WASHINGTON – After suffering through last year’s drought, farmer Bobby Hutchison was reminded this year that there can be too much of a good thing.
Excessive rains have cost Hutchison, who farms in Talbot and Caroline counties, two-thirds of his wheat crop, about half his barley crop and almost all of his pea crop this year. His corn and soybeans, which suffered in last summer’s withering heat, are faring better this year, but some low-lying pockets were drowned out.
“It’s been a year and a half of extremes,” Hutchison said. “We just never had a year like this before.”
In Talbot County, which typically gets 45.87 inches of rain a year, just 39.58 inches of rain fell in 2001 and 39.38 inches in 2002. Through August of this year, however, the county had already received 44.48 inches of rain.
State Climatologist Ken Pickering said it is hard to give statewide numbers because rainfall can vary so greatly, but that Maryland has had above-normal rain since last September, with October, November, February, May and June being particularly wet. In May, he said, more than 20 days of measurable rainfall kept the soil so wet that farmers could not get into the field to plant in many areas.
The rain has encouraged faster-than-normal growth of bacteria and fungi on crops. The result is poor hay, vegetable and small-grain production and about a two-week delay in harvests, said David Knopf, deputy state statistician with the Maryland Agricultural Statistics Service.
“It’s not going to go down as one of our better years,” Knopf said.
But growers are optimistic about corn and soybean yields.
Knopf’s office projects corn production will reach 57.2 million bushels this year, which is 77 percent greater than last year’s production and 25 percent above the five-year average. Soybean production is expected to hit 14.9 million bushels, which is 37 percent greater than last year’s yield but still below the five-year average of 16.5 million bushels.
The effect of the excess rain on farms varies according to location and how well the soil drains, said Betsy Gallagher, an extension educator in Dorchester County. It also depends on the growth cycle of the crop and its susceptibility to diseases.
Maryland Agricultural Commission Chairman Henry Passi, who owns a small fruit farm in Cecil County, said he lost his entire cherry crop when the skins burst just days before they were ready to be picked and brown rot set in. A month earlier, in May, he lost about three-fourths of his strawberry crop to mold.
But it was a very good year for Passi’s blueberries and sweet corn. And it was a phenomenal year for his biggest crop, peaches, even if the colder-than-normal spring delayed growth for a couple of weeks.
Passi’s peach trees grew so thick that he had to trim down the branches so the sun could get to the fruit on the lower branches. That’s a big change from last year’s “bone-dry” drought that caused some trees to crack and produced a “dismal” corn crop, Passi said. Then, “even irrigation wasn’t enough” to counter the scalding sun and heat.

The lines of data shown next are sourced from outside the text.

(* Let $\mathbb{K}$ be a field with $1+1\neq0$. Any two non-zero symmetric $2\times2$ matrices $P,Q$ over $\mathbb{K}$ with the same determinant are geometrically equivalent over $\mathbb{K}$, i.e. there is $A\in\mathrm{GL}_2(\mathbb{K})$ with $P=A^tQA/|A|$.
   Context: $|A|$ denotes the determinant of $A$ and $\mathrm{GL}_2(\mathbb{K})$ the group of invertible $2\times2$ matrices over $\mathbb{K}$. *)

theory Defs
  imports "HOL-Analysis.Analysis"
begin

end

theory Submission
  imports Defs
begin

text \<open>Write \<open>Q \<cdot> A\<close> for \<open>A\<^sup>t Q A / |A|\<close>. This is a right action of the invertible matrices, and
  in dimension 2 it preserves symmetry and the determinant. A symmetric \<open>Q \<noteq> 0\<close> takes some
  value \<open>v\<^sup>t Q v \<noteq> 0\<close> (here \<open>1 + 1 \<noteq> 0\<close> is needed); moving \<open>v\<close> to the first basis vector and
  completing the square brings \<open>Q\<close> to \<open>diag(-1, -|Q|)\<close>. So two matrices with the same
  determinant have a common normal form and are equivalent.\<close>

definition geom_act :: "'a::field ^ 'n ^ 'n \<Rightarrow> 'a ^ 'n ^ 'n \<Rightarrow> 'a ^ 'n ^ 'n" where
  "geom_act A Q = (\<chi> i j. ((transpose A ** Q ** A) $ i $ j) / det A)"

definition geom_normal_form :: "'a::field \<Rightarrow> 'a ^ 2 ^ 2" where
  "geom_normal_form d = (\<chi> i j. if i = j then (if i = 1 then -1 else - d) else 0)"

lemma matrix2_eq_iff:
  "(M::'a^2^2) = N \<longleftrightarrow> M$1$1 = N$1$1 \<and> M$1$2 = N$1$2 \<and> M$2$1 = N$2$1 \<and> M$2$2 = N$2$2"
  by (auto simp: vec_eq_iff forall_2)

lemma matrix_mul_scaled_left:
  "(X::'a::field^'n^'m) ** (\<chi> i j. (M::'a^'k^'n)$i$j / d) = (\<chi> i j. (X ** M)$i$j / d)"
  by (simp add: matrix_matrix_mult_def vec_eq_iff sum_divide_distrib)

lemma matrix_mul_scaled_right:
  "(\<chi> i j. (M::'a::field^'n^'m)$i$j / d) ** (X::'a^'k^'n) = (\<chi> i j. (M ** X)$i$j / d)"
  by (simp add: matrix_matrix_mult_def vec_eq_iff sum_divide_distrib)

lemma geom_act_geom_act: "geom_act A (geom_act B Q) = geom_act (B ** A) Q"
  unfolding geom_act_def matrix_mul_scaled_left matrix_mul_scaled_right
  by (simp add: det_mul matrix_transpose_mul matrix_mul_assoc vec_eq_iff mult.commute)

lemma geom_act_mat_1: "geom_act (mat 1) Q = Q"
  by (simp add: geom_act_def vec_eq_iff)

lemma geom_act_entries:
  "geom_act B Q = (\<chi> i j. (\<Sum>l\<in>UNIV. \<Sum>k\<in>UNIV. B$k$i * Q$k$l * B$l$j) / det B)"
  by (simp add: geom_act_def matrix_matrix_mult_def transpose_def vec_eq_iff
      sum_distrib_left sum_distrib_right mult.assoc)

lemma transpose_geom_act:
  assumes "transpose Q = Q"
  shows "transpose (geom_act B Q) = geom_act B Q"
proof -
  have "transpose (transpose B ** Q ** B) = transpose B ** Q ** B"
    using assms by (simp add: matrix_transpose_mul matrix_mul_assoc)
  then show ?thesis
    unfolding geom_act_def by (simp add: vec_eq_iff transpose_def)
qed

lemma det_geom_act:
  fixes B Q :: "'a::field^2^2"
  assumes "det B \<noteq> 0"
  shows "det (geom_act B Q) = det Q"
proof -
  have "det (\<chi> i j. (M::'a^2^2)$i$j / d) = det M / d ^ 2" for M d
    by (simp add: det_2 power2_eq_square diff_divide_distrib)
  then show ?thesis
    using assms by (simp add: geom_act_def det_mul power2_eq_square)
qed

lemma symmetric_matrix2_entries:
  assumes "transpose (Q::'a^2^2) = Q"
  shows "Q$2$1 = Q$1$2"
  using arg_cong[OF assms, of "\<lambda>M. M$1$2"] by (simp add: transpose_def)

text \<open>Completing the square with respect to the first coordinate.\<close>

lemma geom_act_normal_form_of_corner:
  fixes Q :: "'a::field^2^2"
  assumes sym: "transpose Q = Q" and corner: "Q$1$1 \<noteq> 0"
  shows "\<exists>B. det B \<noteq> 0 \<and> geom_act B Q = geom_normal_form (det Q)"
proof -
  define B :: "'a^2^2" where
    "B = (\<chi> i j. if i = 1 then (if j = 1 then 1 else Q$1$2) else (if j = 1 then 0 else - Q$1$1))"
  have ne: "(1::2) \<noteq> 2" by simp
  have det_B: "det B = - Q$1$1"
    by (simp add: B_def det_2 ne)
  have "geom_act B Q = geom_normal_form (det Q)"
    unfolding geom_act_entries matrix2_eq_iff det_B
    using corner
    by (simp add: B_def ne geom_normal_form_def sum_2 det_2 symmetric_matrix2_entries[OF sym])
      (simp add: field_simps)
  with det_B corner show ?thesis by (intro exI[of _ B]) simp
qed

lemma exists_geom_act_corner_nonzero:
  fixes Q :: "'a::field^2^2"
  assumes two: "(1::'a) + 1 \<noteq> 0" and "Q \<noteq> 0" and sym: "transpose Q = Q"
  shows "\<exists>B. det B \<noteq> 0 \<and> (geom_act B Q)$1$1 \<noteq> 0"
proof -
  have ne: "(1::2) \<noteq> 2" by simp
  have q21: "Q$2$1 = Q$1$2" using symmetric_matrix2_entries[OF sym] .
  consider "Q$1$1 \<noteq> 0" | "Q$2$2 \<noteq> 0" | "Q$1$1 = 0" "Q$2$2 = 0" "Q$1$2 \<noteq> 0"
    using \<open>Q \<noteq> 0\<close> q21 matrix2_eq_iff[of Q 0] by auto
  then show ?thesis
  proof cases
    case 1
    then show ?thesis by (intro exI[of _ "mat 1"]) (simp add: geom_act_mat_1)
  next
    case 2
    define B :: "'a^2^2" where "B = (\<chi> i j. if i = j then 0 else 1)"
    have "det B = -1" by (simp add: B_def det_2 ne)
    with 2 show ?thesis
      by (intro exI[of _ B]) (simp add: geom_act_entries B_def sum_2 ne)
  next
    case 3
    define B :: "'a^2^2" where "B = (\<chi> i j. if i = 1 \<and> j = 2 then 0 else 1)"
    have "det B = 1" by (simp add: B_def det_2 ne)
    moreover have "(1 + 1) * Q$1$2 \<noteq> 0" using two 3 by simp
    ultimately show ?thesis
      using 3 by (intro exI[of _ B]) (simp add: geom_act_entries B_def sum_2 ne q21 algebra_simps)
  qed
qed

lemma geom_act_normal_form:
  fixes Q :: "'a::field^2^2"
  assumes "(1::'a) + 1 \<noteq> 0" and "Q \<noteq> 0" and sym: "transpose Q = Q"
  shows "\<exists>B. invertible B \<and> geom_act B Q = geom_normal_form (det Q)"
proof -
  obtain B where B: "det B \<noteq> 0" "(geom_act B Q)$1$1 \<noteq> 0"
    using exists_geom_act_corner_nonzero[OF assms] by blast
  obtain C where C: "det C \<noteq> 0" "geom_act C (geom_act B Q) = geom_normal_form (det (geom_act B Q))"
    using geom_act_normal_form_of_corner[OF transpose_geom_act[OF sym] B(2)] by blast
  have "geom_act (B ** C) Q = geom_normal_form (det Q)"
    using C(2) by (simp add: geom_act_geom_act det_geom_act[OF B(1)])
  moreover have "invertible (B ** C)"
    using B(1) C(1) by (simp add: invertible_det_nz det_mul)
  ultimately show ?thesis by blast
qed

theorem theorem5p12:
  fixes P Q :: "'a::field ^ 2 ^ 2"
  assumes "(1::'a) + 1 \<noteq> 0"
    and "P \<noteq> 0" and "Q \<noteq> 0"
    and "transpose P = P" and "transpose Q = Q"
    and "det P = det Q"
  shows "\<exists>A :: 'a ^ 2 ^ 2. invertible A \<and>
           P = (\<chi> i j. ((transpose A ** Q ** A) $ i $ j) / det A)"
proof -
  obtain B where B: "invertible B" "geom_act B P = geom_normal_form (det P)"
    using geom_act_normal_form[OF assms(1,2,4)] by blast
  obtain B' where B': "invertible B'" "geom_act B' Q = geom_normal_form (det Q)"
    using geom_act_normal_form[OF assms(1,3,5)] by blast
  obtain C where C: "B ** C = mat 1" "C ** B = mat 1"
    using B(1) invertible_def by blast
  have "P = geom_act (B ** C) P"
    by (simp add: C(1) geom_act_mat_1)
  also have "\<dots> = geom_act C (geom_act B' Q)"
    by (simp add: geom_act_geom_act[symmetric] B(2) B'(2) assms(6))
  also have "\<dots> = geom_act (B' ** C) Q"
    by (simp add: geom_act_geom_act)
  finally have "P = geom_act (B' ** C) Q" .
  moreover have "invertible (B' ** C)"
    using B'(1) C invertible_def invertible_mult by blast
  ultimately show ?thesis unfolding geom_act_def by blast
qed

end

The overall effect of the rain on production — and income — remains to be seen.
“No one knows the production until the harvest is over,” said Michael Haigh, an assistant University of Maryland professor who is currently on leave as an economist at the Commodities Futures Trading Commission.
Hutchison will be in that wait-and-see mode for the next few weeks. The National Weather Service said it expects normal temperatures and rainfall for the next month.
That means Hutchison’s late soybeans still have a shot at getting the sunshine they need to fill out their pods.
Now that the rain has let up, Hutchison worries that his soybeans, which he planted four to six weeks later than they should have been, will stop growing before they “size up” if there is an early frost.
“We’re still sitting here with our fingers crossed,” he said.